Moodle Backup Zip files, file extension .mbz
, are actually tar files using gzip for compression. They are our means of downloading the raw forum xml data from Moodle.
LTS could not provide us with the forum xml data used by Moodle, but LTS could provide us with a full backup of the course. Therefore, we accepted a workflow that started with LTS providing us with this manual backup from Moodle followed by our manual extraction of the forum xml from the backup. (I used 7-zip.)
Development of an extract_forum.py
script was halted during the project because it was being built on the basis of a manual full dump of the course and we were unsure if this was a long term method of acquiring the forum xml data.

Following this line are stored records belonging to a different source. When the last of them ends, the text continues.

(* For all integers $k\ge 2$ and $\ell\ge1$ there exist a finite point set $X\subseteq\mathbb{R}^d$ and a rule $\mathcal{R}$ such that general $k$-means++ with parameters $k,\ell$ and rule $\mathcal{R}$, run on $X$, outputs with constant probability (bounded below by an absolute constant) a set $C$ of centers with $\phi(X,C)\ge \Omega(k^{1-1/\ell})\cdot\mathrm{OPT}_k(X)$.
   Context: For $x\in\mathbb{R}^d$ and finite $C\subseteq\mathbb{R}^d$, $\phi(x,C)=\min_{c\in C}\|x-c\|_2^2$, $\phi(Y,C)=\sum_{x\in Y}\phi(x,C)$; $\mathrm{OPT}_k(X)$ is the minimum of $\phi(X,C)$ over all $C\subseteq\mathbb{R}^d$ with $|C|=k$. A rule $\mathcal{R}$ is any (possibly randomized) procedure that, given $X$, the current center set, $k$, $\ell$ and $\ell$ candidate points $x_1,\dots,x_\ell$, selects one of the candidates. General $k$-means++ with rule $\mathcal{R}$: sample $x_1,\dots,x_\ell\in X$ independently uniformly, let $\mathcal{R}$ select one of them as $c_1$, $C_1=\{c_1\}$; for $i=1,\dots,k-1$ sample $c_{i+1}^1,\dots,c_{i+1}^\ell\in X$ independently, each equal to $x$ with probability $\phi(x,C_i)/\phi(X,C_i)$, let $\mathcal{R}$ select $c_{i+1}$ among them, and set $C_{i+1}=C_i\cup\{c_{i+1}\}$; output $C_k$. *)

theory Defs
  imports "HOL-Probability.Probability"
begin

type_synonym point = "nat \<Rightarrow> real"

text \<open>R^d is rendered as the functions nat => real vanishing outside {..<d}.\<close>
definition Rd :: "nat \<Rightarrow> point set" where
  "Rd d = {x. \<forall>i\<ge>d. x i = 0}"

definition sqdist :: "nat \<Rightarrow> point \<Rightarrow> point \<Rightarrow> real" where
  "sqdist d x c = (\<Sum>i<d. (x i - c i)^2)"

definition phi_pt :: "nat \<Rightarrow> point \<Rightarrow> point set \<Rightarrow> real" where
  "phi_pt d x C = Min (sqdist d x ` C)"

definition phi :: "nat \<Rightarrow> point set \<Rightarrow> point set \<Rightarrow> real" where
  "phi d Y C = (\<Sum>x\<in>Y. phi_pt d x C)"

definition OPT :: "nat \<Rightarrow> nat \<Rightarrow> point set \<Rightarrow> real" where
  "OPT d k X = Inf {phi d X C | C. C \<subseteq> Rd d \<and> finite C \<and> card C = k}"

text \<open>D^2-sampling: x is drawn with probability phi(x,C)/phi(X,C).
  (Convention for the degenerate case phi(X,C) = 0: uniform on X.)\<close>
definition d2_pmf :: "nat \<Rightarrow> point set \<Rightarrow> point set \<Rightarrow> point pmf" where
  "d2_pmf d X C = (if phi d X C = 0 then pmf_of_set X
     else embed_pmf (\<lambda>x. if x \<in> X then phi_pt d x C / phi d X C else 0))"

text \<open>A rule: given X, current centers, k, l and the candidate list, it (possibly
  randomly) selects one of the candidates.\<close>
type_synonym rule = "point set \<Rightarrow> point set \<Rightarrow> nat \<Rightarrow> nat \<Rightarrow> point list \<Rightarrow> point pmf"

However, since the project ended I have completed extract_forums.py
to automate the extraction of forum xml data from Moodle .mbz
backups because I do not think that there will be an alternative workflow providing a direct export from Moodle of just the chosen forum files any time soon. Be aware, this may change!
matplotlib
suggests that you do not trace more than 20 graphs at a time, owing to its default memory constraint. The sample forum data contains 26 forums. Hence, draw_posts.py
draws 26 plots and matplotlib
issues a warning. This warning can be ignored because the script is generating simple line charts only, and will not challenge matplotlib
's memory constraint.
Looking to produce a simple visualisation in the framework, I used the well known Python package matplotlib for this task. There are no magic criteria involved in this choice over say Pillow, simply that matplotlib does the job easily and is an package that is going to stay around.
Not knowing exactly which NLP techniques would be required by the project, I chose to use nltk as a Python package that should cover all likely requests.
The use of NLP for NER has been dropped from the framework. See Report.docx
.
This leaves only tokenization and stemming as services provided by nltk. There is possible future work that calls on NLP techniques that are met by nltk. In their absence it is possible to remove the external dependency on nltk by implementing a simple tokenizer (remove punctuation and split on whitespace) but stemming remains a problem. You will not want to write your own stemmer. Therefore, you still need to use a Python package. An excellent Python package alternative to nltk for stemming is snowballstemmer, especially in conjunction with PyStemmer. Strongly recommended, because it is far faster than nltk. Note, it will give slightly different results to the existing use of nltk in the framework, because nltk is set to use the Lancaster stemming algorithm whereas snowballstemmer uses Porter2. Both algorithms are an advance on Porter, and in the context of this research it doesn't matter which we use.
Using itertools.groupby()
to group on date just not worth it! More trouble than it's worth having to work out how to consume the multiple iterators it would return.
It might appear tempting to flatten the nested if statements for is_current()
and has_links()
in keeping with the zen of python. However, this has an unintended consequence. If flattened the else statement processes all previous edits of a post, whereas we want to analyse the final versions of posts only.
The purpose of the else statement is to let us count of the number of posts that do not include external links. Hence, we cannot remove it. Simply subtracting the number of posts with links from the total number of posts gives a misleading number, because draft versions of a post are included.
Similarly for filterfalse_posts.filterfalse_forum()
.
But this is not true for track_filtered_posts.get_post_metadata()
because there is no else statement. We want to process all posts that are the final version and have external links, and ignore the other posts. Hence, we flatten the if statements in this function.